__TO DO__: Copy the records below word for word. Stop after the line that contains "z \<le> (\<Sum>i<p.".

----

section \<open>The comparison system for the Lie derivatives of \<phi>\<close>

lemma nonneg_mat_matA: "\<forall>i\<le>p. 0 \<le> \<delta> i \<Longrightarrow> nonneg_mat p (matA p \<delta>)"
  by (simp add: nonneg_mat_def matA_def)

lemma lie_pow_Suc_le_matA_yvec:
  assumes "i \<le> p"
    and "lie_pow F p \<phi> z \<le> (\<Sum>i<p. \<delta> i * lie_pow F i \<phi> z) + \<delta> p"
  shows "(if i < p then lie_pow F (Suc i) \<phi> z else 0) \<le> (\<Sum>j\<le>p. matA p \<delta> i j * yvec p \<delta> F \<phi> z j)"
proof -
  consider "i + 1 < p" | "i + 1 = p" | "i = p"
    using assms(1) by linarith
  then show ?thesis
  proof cases
    case 1
    then have "(\<Sum>j\<le>p. matA p \<delta> i j * yvec p \<delta> F \<phi> z j)
                 = (\<Sum>j\<le>p. if j = i + 1 then yvec p \<delta> F \<phi> z j else 0)"
      by (intro sum.cong) (auto simp: matA_def)
    with 1 show ?thesis
      by (simp add: yvec_def)
  next
    case 2
    have "(\<Sum>j\<le>p. matA p \<delta> i j * yvec p \<delta> F \<phi> z j)
            = (\<Sum>j\<in>insert p {..<p}. matA p \<delta> i j * yvec p \<delta> F \<phi> z j)"
      by (intro sum.cong) auto
    also have "\<dots> = \<delta> p + (\<Sum>j<p. \<delta> j * lie_pow F j \<phi> z)"
      using 2 by (subst sum.insert) (auto simp: matA_def yvec_def)
    finally show ?thesis
      using 2 assms(2) by simp
  next
    case 3
    then show ?thesis
      by (simp add: matA_def)
  qed
qed

lemma yvec_along_trajectory_has_derivative:
  fixes F :: "'a::euclidean_space \<Rightarrow> 'a" and \<phi> :: "'a \<Rightarrow> real"
  assumes "smooth F" "smooth \<phi>" "j \<le> p"
    and "(\<xi> has_vector_derivative F (\<xi> s)) (at s within S)"
  shows "((\<lambda>s. yvec p \<delta> F \<phi> (\<xi> s) j) has_real_derivative
           (if j < p then lie_pow F (Suc j) \<phi> (\<xi> s) else 0)) (at s within S)"
proof (cases "j < p")
  case True
  have "lie_pow F j \<phi> differentiable (at (\<xi> s))"
    using assms(1,2) by (intro smooth_imp_differentiable smooth_lie_pow)
  from lie_deriv_along_trajectory[where \<xi> = \<xi> and F = F, OF this assms(4)] show ?thesis
    using True by (simp add: yvec_def lie_pow_Suc)
next
  case False
  then show ?thesis
    using assms(3) by (simp add: yvec_def)
qed
theorem lemma1:
  fixes q1 q2 q :: "real \<times> real \<times> real"
  assumes "q1 \<noteq> q2"
    and "sigma q1 \<inter> sigma q2 \<noteq> {}"
    and "sigma q1 \<inter> sigma q2 \<subseteq> sigma q"
  shows "q = q1 \<or> q = q2"
proof -
  obtain a1 b1 k1 a2 b2 k2 a b k
    where q: "q1 = (a1, b1, k1)" "q2 = (a2, b2, k2)" "q = (a, b, k)"
    by (metis prod_cases3)
  from assms(1,2) q consider "b2 - b1 - k1*(a2 - a1) \<noteq> 0" | "b1 - b2 - k2*(a1 - a2) \<noteq> 0"
    using sigma_inter_nonempty_imp_off_line by blast
  then show ?thesis
  proof cases
    case 1
    from sigma_inter_subset_imp_eq[OF 1] assms(3) q show ?thesis by auto
  next
    case 2
    from sigma_inter_subset_imp_eq[OF 2] assms(3) q show ?thesis by (auto simp: Int_commute)
  qed
qed

end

----

__RESPONSE BELOW__:
section \<open>The comparison system for the Lie derivatives of \<phi>\<close>

lemma nonneg_mat_matA: "\<forall>i\<le>p. 0 \<le> \<delta> i \<Longrightarrow> nonneg_mat p (matA p \<delta>)"
  by (simp add: nonneg_mat_def matA_def)

lemma lie_pow_Suc_le_matA_yvec:
  assumes "i \<le> p"
    and "lie_pow F p \<phi> z \<le> (\<Sum>i<p. \<delta> i * lie_pow F i \<phi> z) + \<delta> p"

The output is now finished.